As I said earlier, three.js is great, but it’s optimized as a project towards being easy to understand and easy to work with. This goes against complexity, and complexity unfortunately is inherent in graphics. This means that under the current philosophy of three.js - it is unable to have complex features.

You could extend three.js quite far, you can add features and modify existing behavior, and I think the team has done an incredible job with that. In my experience three.js is getting more and more flexible and extensible every year. That being said - it is still quite rigid. And it has to be, in some sense. Extensibility sacrifices performance, it increases complexity and creates a headache for maintainers.

Since 2013 or so, since I got into three.js, I have been extending it, with shaders, with alternative lighting, with simulation systems etc.

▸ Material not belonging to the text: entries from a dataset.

theorem proposition3p8:
  fixes \<Lambda> :: "'l set" and E :: "'l \<Rightarrow> ('n::finite) trel" and F1 F2 :: "'n trel"
  assumes "\<forall>l\<in>\<Lambda>. tcongruence (E l)"
    and "tcongruence F1" and "tcongruence F2"
  shows "tV (Id_on (trat :: 'n tfun set)) = UNIV
    \<and> tV ((trat :: 'n tfun set) \<times> trat) = {}
    \<and> tV (tcong_gen (\<Union>l\<in>\<Lambda>. E l)) = (\<Inter>l\<in>\<Lambda>. tV (E l))
    \<and> tV (twisted_prod F1 F2) = tV F1 \<union> tV F2"
proof (intro conjI)
  show "tV (Id_on (trat :: 'n tfun set)) = UNIV"
    by (auto simp: tV_def)
  have "(\<lambda>x. 0, \<lambda>x. -\<infinity>) \<in> (trat :: 'n tfun set) \<times> trat"
    using const_in_tpoly[of 0] bot_in_tpoly unfolding zero_ereal_def
    by (blast intro: tpoly_in_trat)
  then have "tV ((trat :: 'n tfun set) \<times> trat) \<subseteq> tV {(\<lambda>x. 0, \<lambda>x. -\<infinity>)}"
    by (intro tV_antimono) simp
  then show "tV ((trat :: 'n tfun set) \<times> trat) = {}"
    by (simp add: tV_def)
  have "(\<Union>l\<in>\<Lambda>. E l) \<subseteq> trat \<times> trat"
    using assms(1) by (auto dest: tcongruence_subset)
  then show "tV (tcong_gen (\<Union>l\<in>\<Lambda>. E l)) = (\<Inter>l\<in>\<Lambda>. tV (E l))"
    by (simp add: tV_tcong_gen tV_UN)
  have F: "F1 \<subseteq> trat \<times> trat" "F2 \<subseteq> trat \<times> trat"
    using assms(2,3) by (simp_all add: tcongruence_subset)
  have "tV (twisted_prod F1 F2) = tV {twist a b | a b. a \<in> F1 \<and> b \<in> F2}"
    unfolding twisted_prod_def using F by (intro tV_tcong_gen twist_pairs_subset_trat)
  also have "\<dots> = tV F1 \<union> tV F2"
    using F by (rule tV_twist_pairs)
  finally show "tV (twisted_prod F1 F2) = tV F1 \<union> tV F2" .
qed

end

But I would always run up against the limits of what I am allowed to do.

What is already achieved

GPU draw dispatch

Here’s a scene that blender foundation released, that has 40,765 individual pebbles:

Here’s the same scene in three.js 162:

You’ll notice that it run’s around 9.5 FPS

Here’s another scene that looks pretty bad because of blender export, but it has 118,352 blades of grass and flowers

Here’s Shade:


And here’s three.js again (FPS is 1.5 or so):

Just to re-iterate, no matter how complex your scene is - it’s always O(1) work on the CPU side, all of the actual culling and draw command dispatch happens 100% on the GPU. This means that the only bottle-neck is your GPU, if it can draw 100,000 objects per frame - that’s what you’ll get, if it can do 100,000,000 - you’ll get that instead.

Occlusions culling

Here’s sponza scene:

We can see that culling is doing a good job, there are ~270,000 triangles in the scene, and we’re only drawing ~96,000 in the current view

If we move the camera behind the pillar, we’re not going to see much of the complex geometry in the curtains, the lion head at the back etc:

And thanks to occlusion culling, we’re not drawing those triangles:


We have reduced the amount of work for the GPU by 85%.

The culling is conservative, and it’s heavily based on Activision’s and Epic’s published research, but computationally it’s almost free.

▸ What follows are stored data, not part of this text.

lemma lattice_ideal_adjoin:
  assumes "lattice_ideal I"
  shows "lattice_ideal {y. \<exists>c\<in>I. y \<le> sup c x}"
  unfolding lattice_ideal_def
proof (intro conjI allI impI)
  show "bot \<in> {y. \<exists>c\<in>I. y \<le> sup c x}"
    using lattice_idealD(1)[OF assms] by auto
next
  fix a b assume "b \<in> {y. \<exists>c\<in>I. y \<le> sup c x}" "a \<le> b"
  then show "a \<in> {y. \<exists>c\<in>I. y \<le> sup c x}" by (auto intro: order_trans)
next
  fix a b assume "a \<in> {y. \<exists>c\<in>I. y \<le> sup c x}" "b \<in> {y. \<exists>c\<in>I. y \<le> sup c x}"
  then obtain c1 c2 where c: "c1 \<in> I" "c2 \<in> I" and "a \<le> sup c1 x" "b \<le> sup c2 x" by blast
  then have "sup a b \<le> sup (sup c1 x) (sup c2 x)" by (intro sup_mono)
  also have "\<dots> = sup (sup c1 c2) x" by (simp add: sup_aci)
  finally show "sup a b \<in> {y. \<exists>c\<in>I. y \<le> sup c x}"
    using lattice_idealD(3)[OF assms c] by blast
qed

lemma lattice_filter_Union_chain:
  assumes "C \<noteq> {}" and filters: "\<forall>F\<in>C. lattice_filter F"
    and chain: "\<forall>F\<in>C. \<forall>G\<in>C. F \<subseteq> G \<or> G \<subseteq> F"
  shows "lattice_filter (\<Union>C)"
  unfolding lattice_filter_def
proof (intro conjI allI impI)
  show "top \<in> \<Union>C" using assms(1) filters unfolding lattice_filter_def by blast
next
  fix a b assume "a \<in> \<Union>C" "a \<le> b"
  then show "b \<in> \<Union>C" using filters unfolding lattice_filter_def by blast
next
  fix a b assume "a \<in> \<Union>C" "b \<in> \<Union>C"
  then obtain F G where F: "F \<in> C" "a \<in> F" and G: "G \<in> C" "b \<in> G" by blast
  from chain F(1) G(1) have "\<exists>H\<in>C. a \<in> H \<and> b \<in> H" using F(2) G(2) by blast
  then obtain H where "H \<in> C" "a \<in> H" "b \<in> H" by blast
  moreover from this have "inf a b \<in> H" using filters unfolding lattice_filter_def by blast
  ultimately show "inf a b \<in> \<Union>C" by blast
qed

lemma lattice_filter_adjoin:
  assumes "lattice_filter M"
  shows "lattice_filter {y. \<exists>m\<in>M. inf m c \<le> y}"
  unfolding lattice_filter_def
proof (intro conjI allI impI)
  show "top \<in> {y. \<exists>m\<in>M. inf m c \<le> y}"
    using lattice_filterD(1)[OF assms] by auto
next
  fix a b assume "a \<in> {y. \<exists>m\<in>M. inf m c \<le> y}" "a \<le> b"
  then show "b \<in> {y. \<exists>m\<in>M. inf m c \<le> y}" by (auto intro: order_trans)
next
  fix a b assume "a \<in> {y. \<exists>m\<in>M. inf m c \<le> y}" "b \<in> {y. \<exists>m\<in>M. inf m c \<le> y}"
  then obtain m1 m2 where m: "m1 \<in> M" "m2 \<in> M" and "inf m1 c \<le> a" "inf m2 c \<le> b" by blast
  have "inf (inf m1 m2) c = inf (inf m1 c) (inf m2 c)" by (simp add: inf_aci)
  also have "\<dots> \<le> inf a b" using \<open>inf m1 c \<le> a\<close> \<open>inf m2 c \<le> b\<close> by (rule inf_mono)
  finally show "inf a b \<in> {y. \<exists>m\<in>M. inf m c \<le> y}"
    using lattice_filterD(3)[OF assms m] by blast
qed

Deferred visibility-based shading

Not too much to say here, visually you can’t see much of a difference. It eliminates over-shading completely. This is huge. Another huge benefit is that there is no material extraneous switching. That is, all pixels on the screen that should be drawn with a particular material are drawn at the same time. Even if they span across multiple separate meshes. Another another benefit is in scenes with high poly-count, where you start running into poor quad utilization in hardware and end up shading texels that are not even drawn due to how shading hardware works.

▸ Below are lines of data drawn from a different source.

(* Let $p\geq q\geq 1$ be integers and let $M_{pq}$ denote the real vector space of all real $p\times q$ matrices, identified with $\mathbb{R}^{pq}$ and equipped with the Euclidean inner product $\langle X,Y\rangle=\mathrm{tr}(X^TY)$. Let $\Sigma_{pq}=\{X\in M_{pq}:\det(X^TX)=0\}$ be the determinantal variety, i.e. the set of all $p\times q$ real matrices of rank strictly less than $q$. For each integer $r$ with $0\leq r\leq q-1$, let $Z_r\subset\Sigma_{pq}$ be the stratum consisting of all $p\times q$ real matrices of rank exactly $r$. Then every $Z_r$, $0\leq r\leq q-1$, is a regular (embedded) submanifold of $M_{pq}$ which is minimal in $(M_{pq},\langle\cdot,\cdot\rangle)$, i.e. its mean curvature vector vanishes identically.
   Context: A submanifold of a Euclidean space is minimal if its mean curvature vector (the trace of its second fundamental form with respect to the induced metric) vanishes at every point. *)

theory Defs
  imports "HOL-Analysis.Analysis"
begin

fun Ck_on :: "nat \<Rightarrow> ('a::euclidean_space \<Rightarrow> 'b::euclidean_space) \<Rightarrow> 'a set \<Rightarrow> bool" where
  "Ck_on 0 f W = continuous_on W f"
| "Ck_on (Suc k) f W =
     (f differentiable_on W \<and> (\<forall>a. Ck_on k (\<lambda>v. frechet_derivative f (at v) a) W))"

definition smooth_on :: "('a::euclidean_space \<Rightarrow> 'b::euclidean_space) \<Rightarrow> 'a set \<Rightarrow> bool" where
  "smooth_on f W \<longleftrightarrow> open W \<and> (\<forall>k. Ck_on k f W)"

definition second_deriv :: "('a::euclidean_space \<Rightarrow> 'b::euclidean_space) \<Rightarrow> 'a \<Rightarrow> 'a \<Rightarrow> 'a \<Rightarrow> 'b" where
  "second_deriv f u a b = frechet_derivative (\<lambda>v. frechet_derivative f (at v) a) (at u) b"

definition normal_part :: "'a::euclidean_space set \<Rightarrow> 'a \<Rightarrow> 'a" where
  "normal_part T v = (THE n. v - n \<in> T \<and> (\<forall>t\<in>T. inner n t = 0))"

text \<open>A smooth local parametrisation (embedding) of Z around x, with parameter domain
 the relatively open set W \<inter> S of a d-dimensional linear subspace S.\<close>
definition local_param ::
  "'a::euclidean_space set \<Rightarrow> nat \<Rightarrow> 'a \<Rightarrow> 'a set \<Rightarrow> 'a set \<Rightarrow> 'a set \<Rightarrow> ('a \<Rightarrow> 'a) \<Rightarrow> bool" where
  "local_param Z d x S W V \<phi> \<longleftrightarrow>
     subspace S \<and> dim S = d \<and> smooth_on \<phi> W \<and> open V \<and> x \<in> V \<and>
     \<phi> ` (W \<inter> S) = Z \<inter> V \<and> inj_on \<phi> (W \<inter> S) \<and>
     continuous_on (Z \<inter> V) (inv_into (W \<inter> S) \<phi>) \<and>
     (\<forall>u \<in> W \<inter> S. inj_on (frechet_derivative \<phi> (at u)) S)"

definition regular_submanifold :: "'a::euclidean_space set \<Rightarrow> nat \<Rightarrow> bool" where
  "regular_submanifold Z d \<longleftrightarrow> (\<forall>x\<in>Z. \<exists>S W V \<phi>. local_param Z d x S W V \<phi>)"

text \<open>Mean curvature vector at \<phi> u, computed in the parametrisation \<phi>: for a finite set A \<subseteq> S
 whose image under D\<phi>(u) is an orthonormal basis of the tangent space T = D\<phi>(u) S,
 H = \<Sigma>_{a\<in>A} II(D\<phi> a, D\<phi> a) = \<Sigma>_{a\<in>A} (D^2\<phi>(u)(a,a))^\<perp>
 (trace of the second fundamental form w.r.t. the induced metric).\<close>
definition minimal_submanifold :: "'a::euclidean_space set \<Rightarrow> bool" where
  "minimal_submanifold Z \<longleftrightarrow> (\<exists>d. regular_submanifold Z d \<and>
     (\<forall>x S W V \<phi> u A. local_param Z d x S W V \<phi> \<and> u \<in> W \<inter> S \<and>
        finite A \<and> A \<subseteq> S \<and> card A = d \<and> inj_on (frechet_derivative \<phi> (at u)) A \<and>
        pairwise orthogonal (frechet_derivative \<phi> (at u) ` A) \<and>
        (\<forall>a\<in>A. norm (frechet_derivative \<phi> (at u) a) = 1)
        \<longrightarrow> (\<Sum>a\<in>A. normal_part (frechet_derivative \<phi> (at u) ` S) (second_deriv \<phi> u a a)) = 0))"

end

theory Submission
  imports Defs "HOL-Library.Landau_Symbols" "HOL-Real_Asymp.Real_Asymp"
begin

text \<open>
  Let \<open>X\<close> have rank \<open>r\<close>, let \<open>G\<close> be a left inverse of \<open>X\<close> on \<open>(ker X)\<^sup>\<bottom>\<close> with values in
  \<open>(ker X)\<^sup>\<bottom>\<close>, and let \<open>P\<close> be the orthogonal projection onto \<open>ker X\<close>. The quadratic map
  \<open>\<phi>(H) = H (I - P) + H G H P\<close> restricted to the space \<open>T\<close> of matrices mapping \<open>ker X\<close> into
  \<open>im X\<close>, of dimension \<open>r q + (p - r) r\<close>, is a homeomorphism onto a neighbourhood of \<open>X\<close> in the
  stratum with injective differential, its inverse being \<open>Y \<mapsto> Y (I - P) + X \<xi>\<^sub>Y\<close> where
  \<open>\<xi>\<^sub>Y w\<close> is the preimage under \<open>Y\<close> of \<open>Y P w\<close> in \<open>(ker X)\<^sup>\<bottom>\<close>. So the stratum is a regular
  submanifold with tangent space \<open>T\<close> at \<open>X\<close>.

  For minimality it suffices to compute the normal part of the second fundamental form, i.e. the
  pairing \<open>x \<bullet> (II w)\<close> with \<open>x \<bottom> im X\<close> and \<open>w \<in> ker X\<close>. The rank condition forces, for every
  curve \<open>X + t Y\<^sub>1 + t\<^sup>2/2 Y\<^sub>2 + o(t\<^sup>2)\<close> in the stratum, the identity
  \<open>x \<bullet> Y\<^sub>2 w = 2 x \<bullet> Y\<^sub>1 G Y\<^sub>1 w\<close>. The mean curvature is therefore governed by the trace of
  \<open>H \<mapsto> x \<bullet> H G H w\<close> over an orthonormal basis of \<open>T\<close>, which vanishes because \<open>T\<close> contains the
  rank-one matrices \<open>x c\<^sup>T\<close> with \<open>c \<bottom> ker X\<close>, and these pair with \<open>(G\<^sup>T c) w\<^sup>T\<close> through the
  factor \<open>c \<bullet> w = 0\<close>.
\<close>

section \<open>Matrices, outer products and orthonormal sets\<close>

definition outer_prod :: "real^'p \<Rightarrow> real^'q \<Rightarrow> real^'q^'p" where
  "outer_prod y z = (\<chi> i j. y$i * z$j)"

lemma outer_prod_mult_vec: "outer_prod y z *v w = (z \<bullet> w) *\<^sub>R y"
  by (simp add: outer_prod_def matrix_vector_mult_def vec_eq_iff inner_vec_def sum_distrib_left mult_ac)

lemma inner_outer_prod: "M \<bullet> outer_prod y z = y \<bullet> (M *v z)"
  by (simp add: outer_prod_def matrix_vector_mult_def inner_vec_def sum_distrib_left mult_ac)

lemma inner_outer_prod_outer_prod: "outer_prod y z \<bullet> outer_prod y' z' = (y \<bullet> y') * (z \<bullet> z')"
  by (simp add: inner_outer_prod outer_prod_mult_vec inner_commute)

lemma sum_matrix_vector_mult: "finite A \<Longrightarrow> sum f A *v w = (\<Sum>a\<in>A. f a *v w)"
  for f :: "'a \<Rightarrow> real^'q^'p"
  by (induction A rule: finite_induct) (simp_all add: matrix_vector_mult_add_rdistrib)

lemma norm_matrix_vector_mult_le: "norm (M *v w) \<le> norm M * norm w"
  for M :: "real^'q^'p"
proof -
  have row: "(M$i \<bullet> w)\<^sup>2 \<le> (norm (M$i))\<^sup>2 * (norm w)\<^sup>2" for i
  proof -
    have "\<bar>M$i \<bullet> w\<bar>\<^sup>2 \<le> (norm (M$i) * norm w)\<^sup>2"
      by (intro power_mono Cauchy_Schwarz_ineq2) simp
    then show ?thesis by (simp add: power_mult_distrib)
  qed
  have "(norm (M *v w))\<^sup>2 = (\<Sum>i\<in>UNIV. (M$i \<bullet> w)\<^sup>2)"
    by (simp add: norm_vec_def L2_set_def sum_nonneg matrix_vector_mult_def inner_vec_def)
  also have "\<dots> \<le> (\<Sum>i\<in>UNIV. (norm (M$i))\<^sup>2 * (norm w)\<^sup>2)"
    by (intro sum_mono row)
  also have "\<dots> = (norm M * norm w)\<^sup>2"
    by (simp add: norm_vec_def L2_set_def sum_nonneg sum_distrib_right power_mult_distrib)
  finally show ?thesis by (rule power2_le_imp_le) simp
qed

lemma norm_matrix_le_mult_bound:
  fixes M :: "real^'q^'p"
  assumes "\<And>w. norm (M *v w) \<le> c * norm w"
  shows "norm M \<le> real CARD('p) * real CARD('q) * c"
proof -
  have entry: "\<bar>M$i$j\<bar> \<le> c" for i j
  proof -
    have "M$i$j = (M *v axis j 1)$i" by (simp add: matrix_vector_mult_basis column_def)
    then have "\<bar>M$i$j\<bar> \<le> norm (M *v axis j 1)" by (metis component_le_norm_cart)
    then show ?thesis using assms[of "axis j 1"] by simp
  qed
  have "norm M \<le> (\<Sum>i\<in>UNIV. norm (M$i))" unfolding norm_vec_def by (rule L2_set_le_sum) simp
  also have "\<dots> \<le> (\<Sum>i\<in>(UNIV::'p set). \<Sum>j\<in>(UNIV::'q set). c)"
    by (intro sum_mono order.trans[OF norm_le_l1_cart]) (simp add: entry)
  finally show ?thesis by simp
qed

lemma inner_matrix_vector_mult_le: "\<bar>x \<bullet> (M *v w)\<bar> \<le> norm x * norm M * norm w"
  for M :: "real^'q^'p"
proof -
  have "\<bar>x \<bullet> (M *v w)\<bar> \<le> norm x * norm (M *v w)" by (rule Cauchy_Schwarz_ineq2)
  also have "\<dots> \<le> norm x * (norm M * norm w)"
    by (simp add: mult_left_mono norm_matrix_vector_mult_le)
  finally show ?thesis by (simp add: mult.assoc)
qed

Efficient and good-looking post-processing

GTAO

So far I’ve got a FrameGraph system implemented, I’ve had a prototype laying around for years now, but I never managed to fit it into meep’s graphics pipeline, so with a little bit of tweaking I got it to work in Shade with webgpu, and I must say it’s a dream to work with. It automagically takes care of efficient resource allocation and aliasing. Some people are talking about postprocessing in threejs and saying things like “let’s reuse FrameBuffer X for Y, and avoid extra draw in Z”, well - FrameGraph just gives you all of that for free, you don’t even need to think about it. And if you want to turn something off - you can do it at runtime and it just works :exploding_head:

I’ve implemented an SSAO solution following GTAO paper and an excellent resource published by Intel, the solution uses temporal and spatial blue noise, so you get an incredible value out of it, with just 9 taps you get pictures like these:


Here’s without:

Here’s another one:


And without:

Here are some screenshots from pure AA without denoising:



One key trick that is used here is sampling of depth mip map, this way we can accumulate much larger contribution with very few samples. That is, with just 2 depth mips we can effectively sample 16 pixels with just 1 tap, I’m using 5 mip levels, so we’re getting up to 1024 texels worth of contribution with each tap. To my knowledge, this is state of the art currently. The implementation is very cheap, cheaper even than what we have in three.js, and incredibly good-looking.

TAA

I’ve looked at a few different options for anti-aliasing. From the start hardware multi-sampling is not an option in deferred, so we have to look for alternatives. I’ve tried FXAA, and it just looks terrible, no surprise there. I wanted to go for TAA from the beginning, so after reading a whole load of papers I got something that doesn’t smear and has no visible ghosting. Here are 2 screenshots with and without TAA:

here’s with TAA on:

And here’s with TAA and mip-map bias:

The effect is somewhat subtle, but you can notice it in the book titles especially as they become more crisp and readable.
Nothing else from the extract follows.